* Your instructions:
Go through the records and show each line where the word "unfolding" occurs.

Stored items

╭──

(* The padding entries are zero, so the set of all entries is finite as well. *)
lemma GammaD_values_finite:
  assumes "A \<in> Gamma"
  shows "finite {A i j | i j. True}"
proof -
  have "A i j \<in> insert 0 {A i j | i j. 1 \<le> i \<and> 1 \<le> j}" for i j
  proof (cases "i = 0 \<or> j = 0")
    case True
    then show ?thesis using GammaD_padding[OF assms] by auto
  next
    case False
    then have "1 \<le> i" "1 \<le> j" by auto
    then show ?thesis by blast
  qed
  then have "{A i j | i j. True} \<subseteq> insert 0 {A i j | i j. 1 \<le> i \<and> 1 \<le> j}"
    by blast
  moreover have "finite {A i j | i j. 1 \<le> i \<and> 1 \<le> j}"
    using assms unfolding Gamma_def by blast
  ultimately show ?thesis by (meson finite_insert finite_subset)
qed

lemma GammaI:
  assumes "\<And>j. A 0 j = 0" "\<And>i. A i 0 = 0"
    and "finite {A i j | i j. True}"
    and "\<And>i. finite {j. A i j \<noteq> 0}" "\<And>j. finite {i. A i j \<noteq> 0}"
    and "\<And>i. card {j. A i j \<noteq> 0} \<le> n" "\<And>j. card {i. A i j \<noteq> 0} \<le> n"
  shows "A \<in> Gamma"
proof -
  have "finite {A i j | i j. 1 \<le> i \<and> 1 \<le> j}"
    by (rule finite_subset[OF _ assms(3)]) blast
  then show ?thesis
    unfolding Gamma_def using assms(1,2,4-7) by (auto intro!: exI[of _ n])
qed

lemma Gamma_first_columns_bounded:
  assumes "E \<in> Gamma"
  obtains m where "\<And>i j. E i j \<noteq> 0 \<Longrightarrow> j \<le> n \<Longrightarrow> i \<le> m"
proof -
  have "finite (\<Union>j\<le>n. {i. E i j \<noteq> 0})" using GammaD_col_finite[OF assms] by auto
  then obtain m where "\<forall>i\<in>(\<Union>j\<le>n. {i. E i j \<noteq> 0}). i \<le> m"
    using finite_nat_set_iff_bounded_le by blast
  then show ?thesis using that by blast
qed

lemma Gamma_first_rows_bounded:
  assumes "E \<in> Gamma"
  obtains m where "\<And>i j. E i j \<noteq> 0 \<Longrightarrow> i \<le> n \<Longrightarrow> j \<le> m"
proof -
  have "finite (\<Union>i\<le>n. {j. E i j \<noteq> 0})" using GammaD_row_finite[OF assms] by auto
  then obtain m where "\<forall>j\<in>(\<Union>i\<le>n. {j. E i j \<noteq> 0}). j \<le> m"
    using finite_nat_set_iff_bounded_le by blast
  then show ?thesis using that by blast
qed


lemma mat_mult_nonzeroD: "mat_mult A B i j \<noteq> 0 \<Longrightarrow> \<exists>l. A i l \<noteq> 0 \<and> B l j \<noteq> 0"
proof (rule ccontr)
  assume "mat_mult A B i j \<noteq> 0" "\<nexists>l. A i l \<noteq> 0 \<and> B l j \<noteq> 0"
  then have "\<forall>l\<in>{l. A i l \<noteq> 0}. A i l * B l j = 0" by auto
  then have "mat_mult A B i j = 0" unfolding mat_mult_def by (rule sum.neutral)
  with \<open>mat_mult A B i j \<noteq> 0\<close> show False by simp
qed

lemma mat_mult_sum_superset:
  assumes "finite F" "{l. A i l \<noteq> 0} \<subseteq> F"
  shows "mat_mult A B i j = (\<Sum>l\<in>F. A i l * B l j)"
  unfolding mat_mult_def by (rule sum.mono_neutral_left) (use assms in auto)

(* Sums of exactly k elements of P; a product entry of two Gamma matrices is such a sum of
   products of entries, which bounds the number of distinct product entries. *)
fun k_fold_sums :: "'a::comm_monoid_add set \<Rightarrow> nat \<Rightarrow> 'a set" where
  "k_fold_sums P 0 = {0}"
| "k_fold_sums P (Suc k) = (\<lambda>(x, y). x + y) ` (P \<times> k_fold_sums P k)"

lemma finite_k_fold_sums: "finite P \<Longrightarrow> finite (k_fold_sums P k)"
  by (induction k) auto

lemma sum_in_k_fold_sums:
  assumes "finite L" "\<And>l. l \<in> L \<Longrightarrow> f l \<in> P"
  shows "sum f L \<in> k_fold_sums P (card L)"
  using assms
proof (induction L rule: finite_induct)
  case (insert x F)
  then show ?case by (auto intro!: image_eqI[where x="(f x, sum f F)"])
qed simp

╰──

* Solution for this exercise:
    using assms unfolding Gamma_def by blast
    unfolding Gamma_def using assms(1,2,4-7) by (auto intro!: exI[of _ n])
  then have "mat_mult A B i j = 0" unfolding mat_mult_def by (rule sum.neutral)
  unfolding mat_mult_def by (rule sum.mono_neutral_left) (use assms in auto)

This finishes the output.